The profitability of the insurance industry in 2024 was boosted by an increase in investment income, according to Mr Koray Erdogan, CEO of Ray Sigorta.
Mr Erdogan, in his assessment of the performance of the insurance market which he shared at a recent media briefing, said that in 2024, “there was a tremendous amount of investment revenue reaching TRY62bn ($1.7bn), and this situation significantly corrected the picture of the sector’s profitability,” according to a report by Insurance Gazette.

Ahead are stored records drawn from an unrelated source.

text \<open>Feasibility for the decentralized DC-OPF of area A, given the external
  angles thext j = theta_{a',j}.\<close>
definition feasible ::
  "('b, 'g) area \<Rightarrow> ('b \<Rightarrow> real) \<Rightarrow> ('g \<Rightarrow> real) \<Rightarrow> ('b \<Rightarrow> real) \<Rightarrow> ('b \<times> 'b \<Rightarrow> real) \<Rightarrow> bool" where
  "feasible A thext P \<theta> T \<longleftrightarrow>
     (\<forall>n\<in>buses A.
        (\<Sum>m\<in>buses A. admittance A n m * \<theta> m) + (\<Sum>l\<in>{l\<in>ties A. fst l = n}. T l)
        = (\<Sum>g\<in>{g\<in>gens A. gbus A g = n}. P g) - load A n) \<and>
     (\<forall>g\<in>gens A. pmin A g \<le> P g \<and> P g \<le> pmax A g) \<and>
     (\<forall>(i,j)\<in>lines A. - flim A (i,j) \<le> (\<theta> i - \<theta> j) / react A (i,j) \<and>
                        (\<theta> i - \<theta> j) / react A (i,j) \<le> flim A (i,j)) \<and>
     (\<forall>(i,j)\<in>ties A. T (i,j) = (\<theta> i - thext j) / tie_react A (i,j)) \<and>
     (is_area1 A \<longrightarrow> \<theta> (bus1 A) = 0)"

definition objective ::
  "('b, 'g) area \<Rightarrow> ('b \<Rightarrow> real) \<Rightarrow> ('b \<times> 'b \<Rightarrow> real) \<Rightarrow> ('g \<Rightarrow> real) \<Rightarrow> ('b \<times> 'b \<Rightarrow> real) \<Rightarrow> real" where
  "objective A alpha mu P T =
     (\<Sum>g\<in>gens A. cost A g (P g))
     - (\<Sum>(i,j)\<in>ties A. alpha j * T (i,j))
     + (\<Sum>l\<in>ties A. mu l / 2 * (\<bar>T l\<bar> - tie_cap A l))"

definition optimal ::
  "('b, 'g) area \<Rightarrow> ('b \<Rightarrow> real) \<Rightarrow> ('b \<Rightarrow> real) \<Rightarrow> ('b \<times> 'b \<Rightarrow> real) \<Rightarrow>
   ('g \<Rightarrow> real) \<Rightarrow> ('b \<Rightarrow> real) \<Rightarrow> ('b \<times> 'b \<Rightarrow> real) \<Rightarrow> bool" where
  "optimal A alpha thext mu P \<theta> T \<longleftrightarrow>
     feasible A thext P \<theta> T \<and>
     (\<forall>P' \<theta>' T'. feasible A thext P' \<theta>' T' \<longrightarrow>
        objective A alpha mu P T \<le> objective A alpha mu P' T')"

end

(*
  Exact penalty argument.  Eliminating the tieline flows through their defining
  equations, the feasible set of the area is a polyhedron in the variables (P, theta),
  and by hypothesis it meets the hyperplane T_e = 0.  Hoffman's error bound, proved
  here by Fourier-Motzkin elimination of one coordinate at a time, gives a constant C
  such that every feasible point lies within C |T_e| of a feasible point with T_e = 0.
  Convex costs are Lipschitz on the box [pmin, pmax], so moving to that point changes
  all other terms of the objective by at most L C |T_e|, while the penalty term of e
  drops by mu_e |T_e| / 2.  Hence T_e = 0 at every optimum once mu_e > 2 L C.
*)

theory Submission
  imports Defs
begin

section \<open>Hoffman's error bound\<close>

lemma finite_uniform_bound:
  fixes P :: "'a \<Rightarrow> real \<Rightarrow> bool"
  assumes "finite I"
    and "\<forall>i\<in>I. \<exists>c\<ge>0. P i c"
    and mono: "\<And>i c c'. P i c \<Longrightarrow> c \<le> c' \<Longrightarrow> P i c'"
  shows "\<exists>c\<ge>0. \<forall>i\<in>I. P i c"
  using assms(1,2)
proof (induction I rule: finite_induct)
  case (insert i I)
  then obtain c1 c2 where "0 \<le> c1" "P i c1" "0 \<le> c2" "\<forall>j\<in>I. P j c2"
    by auto
  then show ?case
    by (intro exI[of _ "max c1 c2"]) (auto intro: mono)
qed auto

definition coord_affine :: "'i set \<Rightarrow> (('i \<Rightarrow> real) \<Rightarrow> real) \<Rightarrow> bool" where
  "coord_affine S f \<longleftrightarrow> (\<exists>a b. \<forall>x. f x = (\<Sum>j\<in>S. a j * x j) + b)"

lemma coord_affine_const: "coord_affine S (\<lambda>x. c)"
  unfolding coord_affine_def by (intro exI[of _ "\<lambda>_. 0"] exI[of _ c]) simp

lemma coord_affine_coord:
  assumes "finite S" "k \<in> S"
  shows "coord_affine S (\<lambda>x. x k)"
proof -
  have "x k = (\<Sum>j\<in>S. (if j = k then 1 else 0) * x j) + 0" for x :: "'a \<Rightarrow> real"
  proof -
    have "(\<Sum>j\<in>S. (if j = k then 1 else 0) * x j) = (\<Sum>j\<in>S. if j = k then x k else 0)"
      by (rule sum.cong) auto
    then show ?thesis
      using assms by simp
  qed
  then show ?thesis
    unfolding coord_affine_def by (intro exI[of _ "\<lambda>j. if j = k then 1 else 0"] exI[of _ 0]) blast
qed

lemma coord_affine_add:
  assumes "coord_affine S f" "coord_affine S g"
  shows "coord_affine S (\<lambda>x. f x + g x)"
proof -
  obtain a b c d where "\<forall>x. f x = (\<Sum>j\<in>S. a j * x j) + b" "\<forall>x. g x = (\<Sum>j\<in>S. c j * x j) + d"
    using assms unfolding coord_affine_def by blast
  then show ?thesis
    unfolding coord_affine_def
    by (intro exI[of _ "\<lambda>j. a j + c j"] exI[of _ "b + d"]) (simp add: distrib_right sum.distrib)
qed

lemma coord_affine_scale:
  assumes "coord_affine S f"
  shows "coord_affine S (\<lambda>x. c * f x)"
proof -
  obtain a b where "\<forall>x. f x = (\<Sum>j\<in>S. a j * x j) + b"
    using assms unfolding coord_affine_def by blast
  then show ?thesis
    unfolding coord_affine_def
    by (intro exI[of _ "\<lambda>j. c * a j"] exI[of _ "c * b"])
      (simp add: distrib_left sum_distrib_left mult.assoc)
qed

lemma coord_affine_uminus: "coord_affine S f \<Longrightarrow> coord_affine S (\<lambda>x. - f x)"
  using coord_affine_scale[of S f "-1"] by simp

lemma coord_affine_diff:
  "coord_affine S f \<Longrightarrow> coord_affine S g \<Longrightarrow> coord_affine S (\<lambda>x. f x - g x)"
  using coord_affine_add[OF _ coord_affine_uminus] by simp

lemma coord_affine_divide: "coord_affine S f \<Longrightarrow> coord_affine S (\<lambda>x. f x / c)"
  using coord_affine_scale[of S f "1 / c"] by simp

lemma coord_affine_sum:
  assumes "finite I" "\<forall>i\<in>I. coord_affine S (f i)"
  shows "coord_affine S (\<lambda>x. \<Sum>i\<in>I. f i x)"
  using assms
  by (induction I rule: finite_induct) (auto intro: coord_affine_add coord_affine_const)

lemma coord_affine_cong:
  assumes "coord_affine S f" "\<forall>j\<in>S. x j = y j"
  shows "f x = f y"
proof -
  obtain a b where "\<forall>x. f x = (\<Sum>j\<in>S. a j * x j) + b"
    using assms(1) unfolding coord_affine_def by blast
  then show ?thesis
    using assms(2) by (simp cong: sum.cong)
qed
(* Let $P,Q,R_0,R_1$ be integers with $P>0$, $Q<0$, $R_0,R_1$ positive integers, and $\gcd(P,Q)=\gcd(R_1,Q)=1$. Let $(R_n)_{n\ge0}$ be given by $R_{n+2}=PR_{n+1}-QR_n$ ($n\ge0$), and let $\alpha,\beta$ be the roots of $x^2-Px+Q$ with $|\alpha|\ge|\beta|$ (here $\alpha>0>\beta$). Then for all positive integers $n,m$ with $n\geq 2$ and $m\leq \lfloor (n+1)/2\rfloor+1$, \[\mathrm{lcm}(R_m,R_{m+1},\dots,R_n)\geq \gcd(R_0,R_1)\left(\frac{R_1+R_0|\beta|}{\gcd(R_0,R_1)}\right)^{\frac{n-1}{2}}\alpha^{\frac{n^2}{4}-\frac{n}{2}-\frac{7}{4}}.\] *)

theory Defs
  imports "HOL-Analysis.Analysis"
begin

end

theory Submission
  imports Defs
begin

text \<open>
  Let \<open>g = gcd R(0) R(1)\<close> and let \<open>U\<close> be the Lucas sequence of \<open>(P, Q)\<close>. Since
  \<open>R(x + j) = U(j) R(x + 1) - Q U(j - 1) R(x)\<close> and all consecutive terms have gcd \<open>g\<close>
  (each \<open>R(x + 1)\<close> is prime to \<open>Q\<close>), \<open>gcd R(x) R(x + j)\<close> divides \<open>g U(j)\<close>. Hence the product
  of \<open>k + 1\<close> consecutive terms divides their lcm times \<open>g\<^sup>k U(1) \<cdots> U(k)\<close>. As \<open>\<beta> < 0\<close>, we have
  \<open>U(j + 1) \<le> \<alpha>\<^sup>j\<close> and \<open>R(j + 2) \<ge> \<alpha>\<^sup>j (R(1) - \<beta> R(0))\<close>, so every quotient \<open>R(y + 2 + j) / U(j)\<close>
  is at least \<open>\<alpha>\<^bsup>y + 1\<^esup> (R(1) - \<beta> R(0))\<close>. The window from \<open>\<lfloor>(n + 1) / 2\<rfloor> + 1\<close> to \<open>n\<close>
  gives the stated exponents.
\<close>

fun lucas_U :: "int \<Rightarrow> int \<Rightarrow> nat \<Rightarrow> int" where
  "lucas_U P Q 0 = 0"
| "lucas_U P Q (Suc 0) = 1"
| "lucas_U P Q (Suc (Suc k)) = P * lucas_U P Q (Suc k) - Q * lucas_U P Q k"

locale lucas_recurrence =
  fixes P Q :: int and R :: "nat \<Rightarrow> int"
  assumes rec: "R (k + 2) = P * R (k + 1) - Q * R k"

interpretation lucas_U: lucas_recurrence P Q "lucas_U P Q" for P Q
  by unfold_locales (simp add: numeral_2_eq_2)

context lucas_recurrence
begin

lemma eq_if_initial_eq:
  assumes "lucas_recurrence P Q S" and "S 0 = R 0" and "S 1 = R 1"
  shows "S k = R k"
proof -
  have "S k = R k \<and> S (k + 1) = R (k + 1)"
    using assms rec lucas_recurrence.rec[OF assms(1)]
    by (induction k) (simp_all add: numeral_2_eq_2)
  then show ?thesis ..
qed

lemma addition_formula:
  "R (x + k + 1) = lucas_U P Q (k + 1) * R (x + 1) - Q * lucas_U P Q k * R x"
proof -
  interpret shifted: lucas_recurrence P Q "\<lambda>k. R (x + k + 1)"
    by unfold_locales (use rec[of "x + k + 1" for k] in \<open>simp add: algebra_simps\<close>)
  have "lucas_recurrence P Q
      (\<lambda>k. lucas_U P Q (k + 1) * R (x + 1) - Q * lucas_U P Q k * R x)"
    by unfold_locales (simp add: lucas_U.rec[of P Q "k + 1" for k] lucas_U.rec algebra_simps)
  from shifted.eq_if_initial_eq[OF this] show ?thesis
    using rec[of x] by (simp add: add.commute)
qed

context
  assumes P_pos: "P > 0" and Q_neg: "Q < 0" and R0_nonneg: "R 0 \<ge> 0" and R1_pos: "R 1 > 0"
begin

lemma nonneg: "R k \<ge> 0" and Suc_pos: "R (Suc k) > 0"
proof -
  have "R k \<ge> 0 \<and> R (Suc k) > 0"
  proof (induction k)
    case (Suc k)
    then have "P * R (Suc k) > 0" and "Q * R k \<le> 0"
      using P_pos Q_neg by (simp_all add: mult_nonpos_nonneg)
    then show ?case
      using rec[of k] Suc by (simp add: numeral_2_eq_2)
  qed (use R0_nonneg R1_pos in simp)
  then show "R k \<ge> 0" and "R (Suc k) > 0" by auto
qed

end

context
  fixes a b :: real
  assumes sum_roots: "of_int P = a + b" and prod_roots: "of_int Q = a * b"
begin

lemma first_order_reduction:
  "of_int (R (k + 1)) - b * of_int (R k) = a ^ k * (of_int (R 1) - b * of_int (R 0))"
proof (induction k)
  case (Suc k)
  have "of_int (R (k + 2)) = (a + b) * of_int (R (k + 1)) - a * b * of_int (R k)"
    using rec[of k] by (simp flip: sum_roots prod_roots)
  then have "of_int (R (Suc k + 1)) - b * of_int (R (Suc k))
      = a * (of_int (R (k + 1)) - b * of_int (R k))"
    by (simp add: algebra_simps)
  then show ?case using Suc by simp
qed simp

context
  assumes P_pos: "P > 0" and Q_neg: "Q < 0" and R0_nonneg: "R 0 \<ge> 0" and R1_pos: "R 1 > 0"
    and b_nonpos: "b \<le> 0"
begin

lemma upper_bound: "of_int (R (k + 1)) \<le> a ^ k * (of_int (R 1) - b * of_int (R 0))"
proof -
  have "b * of_int (R k) \<le> 0"
    using b_nonpos nonneg[OF P_pos Q_neg R0_nonneg R1_pos] by (simp add: mult_nonpos_nonneg)
  then show ?thesis using first_order_reduction[of k] by linarith
qed

lemma larger_root_ge_1: "a \<ge> 1"
  using sum_roots P_pos b_nonpos by linarith

lemma initial_combination_nonneg: "of_int (R 1) - b * of_int (R 0) \<ge> 0"
proof -
  have "b * of_int (R 0) \<le> 0"
    using b_nonpos R0_nonneg by (simp add: mult_nonpos_nonneg)
  then show ?thesis using R1_pos by simp
qed

lemma lower_bound: "a ^ k * (of_int (R 1) - b * of_int (R 0)) \<le> of_int (R (k + 2))"
proof -
  define c where "c = of_int (R 1) - b * of_int (R 0)"
  have "a ^ k * c \<ge> 0"
    using larger_root_ge_1 initial_combination_nonneg by (simp add: c_def)
  then have "a ^ k * c \<le> a ^ k * c * (a + b)"
    using mult_left_mono[of 1 "a + b" "a ^ k * c"] sum_roots P_pos by simp
  also have "\<dots> = a ^ (k + 1) * c + b * (a ^ k * c)"
    by (simp add: algebra_simps)
  also have "\<dots> \<le> a ^ (k + 1) * c + b * of_int (R (k + 1))"
    using mult_left_mono_neg[OF upper_bound[of k, folded c_def] b_nonpos] by simp
  also have "\<dots> = of_int (R (k + 2))"
    using first_order_reduction[of "k + 1"] by (simp add: c_def add.assoc)
  finally show ?thesis unfolding c_def .
qed

lemma window_prod_lower_bound:
  "(of_int (R 1) - b * of_int (R 0)) * a ^ y
     * ((of_int (R 1) - b * of_int (R 0)) * a ^ (y + 1)) ^ k
     * (\<Prod>j=1..k. of_int (lucas_U P Q j))
   \<le> (\<Prod>i\<le>k. of_int (R (y + 2 + i)))"
proof -
  define c where "c = of_int (R 1) - b * of_int (R 0)"
  have factor_nonneg: "c * a ^ (y + 1) * of_int (lucas_U P Q j) \<ge> 0" for j
    using initial_combination_nonneg larger_root_ge_1 lucas_U.nonneg[OF P_pos Q_neg]
    by (simp add: c_def)
  have factor_bound: "c * a ^ (y + 1) * of_int (lucas_U P Q j) \<le> of_int (R (y + 2 + j))"
    if "j \<ge> 1" for j
  proof -
    obtain i where j: "j = i + 1" using \<open>j \<ge> 1\<close> by (metis add.commute le_Suc_ex)
    have "of_int (lucas_U P Q (i + 1)) \<le> a ^ i"
      using lucas_U.upper_bound[OF sum_roots prod_roots P_pos Q_neg _ _ b_nonpos] by simp
    moreover have "c * a ^ (y + 1) \<ge> 0"
      using initial_combination_nonneg larger_root_ge_1 by (simp add: c_def)
    ultimately have "c * a ^ (y + 1) * of_int (lucas_U P Q j) \<le> c * a ^ (y + 1) * a ^ i"
      unfolding j by (rule mult_left_mono)
    also have "\<dots> = a ^ (y + j) * c"
      by (simp add: j power_add algebra_simps)
    also have "\<dots> \<le> of_int (R (y + 2 + j))"
      using lower_bound[of "y + j", folded c_def] by (simp add: add_ac)
    finally show ?thesis .
  qed
  have "c * a ^ y * (c * a ^ (y + 1)) ^ k * (\<Prod>j=1..k. of_int (lucas_U P Q j))
      = c * a ^ y * (\<Prod>j=1..k. c * a ^ (y + 1) * of_int (lucas_U P Q j))"
    by (simp add: prod.distrib)
  also have "\<dots> \<le> of_int (R (y + 2)) * (\<Prod>j=1..k. of_int (R (y + 2 + j)))"
  proof (rule mult_mono)
    show "c * a ^ y \<le> of_int (R (y + 2))"
      using lower_bound[of y] by (simp add: c_def mult.commute)
    show "(\<Prod>j=1..k. c * a ^ (y + 1) * of_int (lucas_U P Q j))
        \<le> (\<Prod>j=1..k. of_int (R (y + 2 + j)))"
      using factor_nonneg factor_bound by (intro prod_mono) simp
    show "0 \<le> (of_int (R (y + 2)) :: real)"
      using nonneg[OF P_pos Q_neg R0_nonneg R1_pos] by simp
    show "0 \<le> (\<Prod>j=1..k. c * a ^ (y + 1) * of_int (lucas_U P Q j))"
      using factor_nonneg by (simp add: prod_nonneg)
  qed
  also have "\<dots> = (\<Prod>i\<le>k. of_int (R (y + 2 + i)))"
    by (simp add: atMost_atLeast0 prod.atLeast_Suc_atMost)
  finally show ?thesis unfolding c_def .
qed

end

end

context
  assumes coprime_P_Q: "coprime P Q" and coprime_R1_Q: "coprime (R 1) Q"
begin

lemma coprime_Suc_Q: "coprime (R (Suc k)) Q"
proof (induction k)
  case (Suc k)
  have "gcd Q (R (Suc (Suc k))) = gcd Q (P * R (Suc k))"
    using rec[of k] gcd_add_mult[of Q "- R k" "P * R (Suc k)"]
    by (simp add: numeral_2_eq_2 mult.commute[of Q])
  then have "coprime (R (Suc (Suc k))) Q \<longleftrightarrow> coprime (P * R (Suc k)) Q"
    by (simp add: coprime_iff_gcd_eq_1 gcd.commute)
  moreover have "coprime (P * R (Suc k)) Q" using Suc coprime_P_Q by simp
  ultimately show ?case by simp
qed (use coprime_R1_Q in simp)

lemma gcd_Suc_eq: "gcd (R k) (R (Suc k)) = gcd (R 0) (R 1)"
proof (induction k)
  case (Suc k)
  have "gcd (R (Suc k)) (R (Suc (Suc k))) = gcd (R (Suc k)) (- Q * R k)"
    using rec[of k] gcd_add_mult[of "R (Suc k)" P "- Q * R k"] by (simp add: numeral_2_eq_2)
  also have "\<dots> = gcd (R (Suc k)) (R k)"
    using gcd_mult_right_left_cancel[OF coprime_Suc_Q] by simp
  finally show ?case using Suc by (simp add: gcd.commute)
qed simp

As for assessing the industry’s real technical profits, he said that the financial statements of insurance companies needed to be studied, excluding investment revenue transferred from the non-technical section. He pointed out, “Technical losses, which were approximately TRY20bn for the first three quarters of 2023, increased to TRY26bn by the end of the third quarter of 2024. While the loss rates are decreasing, the deterioration of the technical side is thought-provoking. Of course, the main reason for this was primarily operational costs.”
2025 expectations
Commenting on the topline performance of the insurance industry in 2024, Mr Erdogan evaluated prospects in the motor branch which is the dynamo of the non-life sector. He said, “We started the year with 72% auto and 112% non-auto growth in 2024, and completed it with 54% auto and 87% non-auto growth. We experienced a 7.4% contraction in real terms in motor insurance.
“This trend also gives us important clues about 2025. It can be expected that traffic insurance (that is, auto third-party liability insurance) will complete this year with a growth of approximately 45% and the motor insurance side with a growth of approximately 35%. There is a similar picture for fire insurance. If the current trend continues, this branch will remain at a growth level of 25%, and the negative real growth we saw in the motor insurance branch in 2024 will be seen in the fire branch this time.”
Mr Erdogan also stated that for 2025, the forecast is that the non-life insurance sector would see 36% growth.
Effect of interest rate changes to be felt starting in 2H2025
Mr Erdogan said that insurers needed to be more cautious in 2025, given that interest rates are beginning to be eased. Türkiye’s central bank cut its key interest rate in December 2024 and further reduced it in January 2025. Mr Erdogan added, “It is important for the sector to focus on sustainable growth and manage its portfolios effectively.”
He said, “Since we think that the effect of the decrease in interest rates will be felt in the second half of the year, we foresee a financial income increase of 50%. In parallel with this, we calculated an operational expense (OPEX) increase of 50% and created our year-end profit estimate. Assuming that technical results will not deteriorate further in 2025 and will remain at 2024 levels in the optimistic scenario, we can expect a profitability increase in the non-life insurance sector of 10%.”